Implicit Evaluation with PHP

27 September 2006

Tail Recursion in PHP

There are two types of recursion in the world: tail recursive and non-tail recursive. Non-tail recursive is the more obvious of the two and is used frequently. For instance, when dealing with any kind of hierarchical data (that which is expressed in a tree data structure) a recursive call is likely used to construct the structure and often, another is used to operate on it. Though recursion is not the simplest concept in PHP, it is fairly obvious: given a set of data, a recursive function will operate on as much of it as it knows how and than calls itself again with a subset or derivative of the original data. This process continues until the function has determined a final result.

Recursion has one large downside. On each function call, the current functions environment must be stored somewhere, in order to resume the calling function once the callee is finished. On most processors in most languages, the environment is called the stack. The problem is the stack has a finite size. It can generally hold many iterations of recursion, but there is a limit. In most languages, there are two major factors which govern the maximum number of calls which can be made: limitations in the host language and limitations in the physical amount of memory required to store the environment.

As an interpreted language, PHP is largely immune from the physical memory issue. A setting in PHP.ini controls the maximum quantity of memory a script can consume, and the stack is counted in that number. But in most cases with native code, the stack is separate from the total memory on a machine. PHP’s only issue isn’t even technically one of recursion. Instead, it is an imposed limit in the design of the interpreter. Every nested (recursive or otherwise) function call counts towards a limit of 2000 nested calls. PHP will mysteriously die if that count is ever reached.

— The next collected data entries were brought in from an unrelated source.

lemma last_occ_split_unique:
  assumes w: "w \<noteq> []" and eq: "V @ Z = V' @ Z'" and V: "suffix w V" "suffix w V'"
    and Z: "occ w (w @ Z) = 1" "occ w (w @ Z') = 1"
  shows "V = V' \<and> Z = Z'"
proof -
  have no_later_suffix: "occ w (w @ Y @ U) \<noteq> 1"
    if V1: "suffix w V1" "suffix w (V1 @ Y)" and Y: "Y \<noteq> []" for V1 Y U
  proof -
    obtain V0 where "V1 = V0 @ w" using V1(1) by (rule suffixE)
    then have "suffix w (w @ Y)"
      using V1(2) suffix_append_long_iff[of w "w @ Y" V0] by simp
    moreover obtain Y0 c where "Y = Y0 @ [c]" using Y by (metis append_butlast_last_id)
    ultimately have "occ w (w @ Y) = occ w (w @ Y0) + 1" using occ_snoc[OF w, of "w @ Y0" c] by simp
    moreover have "occ w (w @ Y0) \<ge> 1" using occ_append_mono[OF w, of w Y0] occ_self[OF w] by simp
    moreover have "occ w (w @ Y) \<le> occ w (w @ Y @ U)" using occ_append_mono[OF w, of "w @ Y" U] by simp
    ultimately show ?thesis by simp
  qed
  have "length V = length V'"
  proof (rule ccontr)
    assume "length V \<noteq> length V'"
    then consider "length V < length V'" | "length V' < length V" by linarith
    then show False
    proof cases
      case 1
      then obtain Y where "V' = V @ Y" "Z = Y @ Z'" "Y \<noteq> []" using eq
        by (auto simp: append_eq_append_conv2)
      then show False using no_later_suffix[of V Y Z'] V Z by simp
    next
      case 2
      then obtain Y where "V = V' @ Y" "Z' = Y @ Z" "Y \<noteq> []" using eq
        by (auto simp: append_eq_append_conv2)
      then show False using no_later_suffix[of V' Y Z] V Z by simp
    qed
  qed
  then show ?thesis using eq by simp
qed

lemma occ_rev: "occ (rev w) (rev X) = occ w X"
proof -
  let ?p = "length w"
  define I where "I = {i. i + ?p \<le> length X \<and> take ?p (drop i X) = w}"
  define J where "J = {i. i + ?p \<le> length X \<and> take ?p (drop i (rev X)) = rev w}"
  let ?mirror = "\<lambda>i. length X - ?p - i"
  have take_drop_rev: "take ?p (drop (?mirror i) (rev X)) = rev (take ?p (drop i X))"
    if "i + ?p \<le> length X" for i
  proof -
    have "drop (?mirror i) (rev X) = rev (take (?p + i) X)"
      using that by (simp add: drop_rev)
    moreover have "length X - ?p = i" if "length X \<le> ?p + i" using that \<open>i + ?p \<le> length X\<close> by simp
    ultimately show ?thesis using that by (simp add: take_rev drop_take min_def)
  qed
  have "J = ?mirror ` I"
  proof (intro set_eqI iffI)
    fix j assume j: "j \<in> J"
    then have i: "?mirror j + ?p \<le> length X" and "j = ?mirror (?mirror j)" unfolding J_def by auto
    moreover have "take ?p (drop (?mirror j) X) = w"
      using take_drop_rev[OF i] j calculation(2) unfolding J_def by (metis (mono_tags) mem_Collect_eq rev_rev_ident)
    ultimately show "j \<in> ?mirror ` I" unfolding I_def by blast
  next
    fix j assume "j \<in> ?mirror ` I"
    then obtain i where "i \<in> I" "j = ?mirror i" by blast
    then show "j \<in> J" using take_drop_rev[of i] unfolding I_def J_def by auto
  qed
  moreover have "inj_on ?mirror I" unfolding I_def by (rule inj_onI) auto
  ultimately have "card J = card I" by (simp add: card_image)
  then show ?thesis unfolding occ_def I_def J_def by simp
qed
text \<open>An isomorphism class of spans [X <- D -> Y] of injective isometries is encoded by the
  image of D in X (+) Y, i.e. a linear subspace R of X (+) Y which is the graph of an injective
  isometric linear map from a subspace of X to Y.  Composition by pullback is relational
  composition, transposition is the converse relation, identity is the diagonal.\<close>

definition sphom :: "qspace \<Rightarrow> qspace \<Rightarrow> (vec \<times> vec) set set" where
  "sphom X Y = {R. R \<subseteq> vecs (fst X) \<times> vecs (fst Y) \<and> (vzero, vzero) \<in> R \<and>
      (\<forall>a b c d. (a, b) \<in> R \<longrightarrow> (c, d) \<in> R \<longrightarrow> (vadd a c, vadd b d) \<in> R) \<and>
      (\<forall>a b c. (a, b) \<in> R \<longrightarrow> (a, c) \<in> R \<longrightarrow> b = c) \<and>
      (\<forall>a b c. (a, c) \<in> R \<longrightarrow> (b, c) \<in> R \<longrightarrow> a = b) \<and>
      (\<forall>a b. (a, b) \<in> R \<longrightarrow> snd Y b = snd X a)}"

definition spid :: "qspace \<Rightarrow> (vec \<times> vec) set" where
  "spid V = Id_on (vecs (fst V))"

type_synonym dual_elt = "(vec \<times> vec) set \<Rightarrow> bit"
  \<comment> \<open>elements of DQ_V(X) = F2[Hom(V,X)]^*, as functions on the finite basis Hom(V,X)\<close>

In most languages, the solution is to use tail recursion. Tail recursion is really both an optimization and an exploit on how code is executed. Many recursive functions’s final action is to again call itself with modified arguments, and to return that result. An intelligent compiler which recognizes the traits of tail recursion can simply warp the arguments a function passes into the argument a function receives and restart execution. For instance, in this pseudo-code:

function add (x, y) {
if (y > 0) {
add (++x, –y)
} else {
return x;
}
}

Could become:

function add (x, y) {
function_start:
if (y > 0) {
x++; y–; goto function_start;
} else {
return x;
}
}

PHP does not allow this.

If PHP 6 introduces a goto (which is currently planned) it becomes possible. But in PHP 5 and earlier, it is simply not possible. However, in a round-about way, tail-recursion is possible. It requires writing a fairly substantial intermediary layer, though. Using a device called a trampoline, a function could return a function which needs to be called. Observe:

function add ($x, $y) {
if ($y > 0) {
return array (”add”, $x + 1, $y - 1);
} else {
return $x;
}
}
$f = array (”add”, 6, 5);
do {
$func = $f[0];
$f = $func($f[1], $f[2]);
} while (is_array ($f));

It’s hardly pretty (though implicit evaluation improves this drastically over other methods) but it’s not awful and makes some things in PHP possible that would otherwise require writing an extension in another language.

One Comment currently posted.

BDKR says:

Might a work around for the lack of goto’s (as referred to in one of the examples) be…

function add_2 ($x, $y)
{
$f_start=’add_2′; // To be the same as –> function_start: Like a goto.
if ($y > 0)
{
++$x;
–$y;
echo “About to recurse! Our values are (\$x, \$y) | ($x, $y).\n”;
$f_start($x, $y);
}
else
{
echo $x.”\n”;
return $x;
}
}

?

I threw in the echo statements to make sure it was working.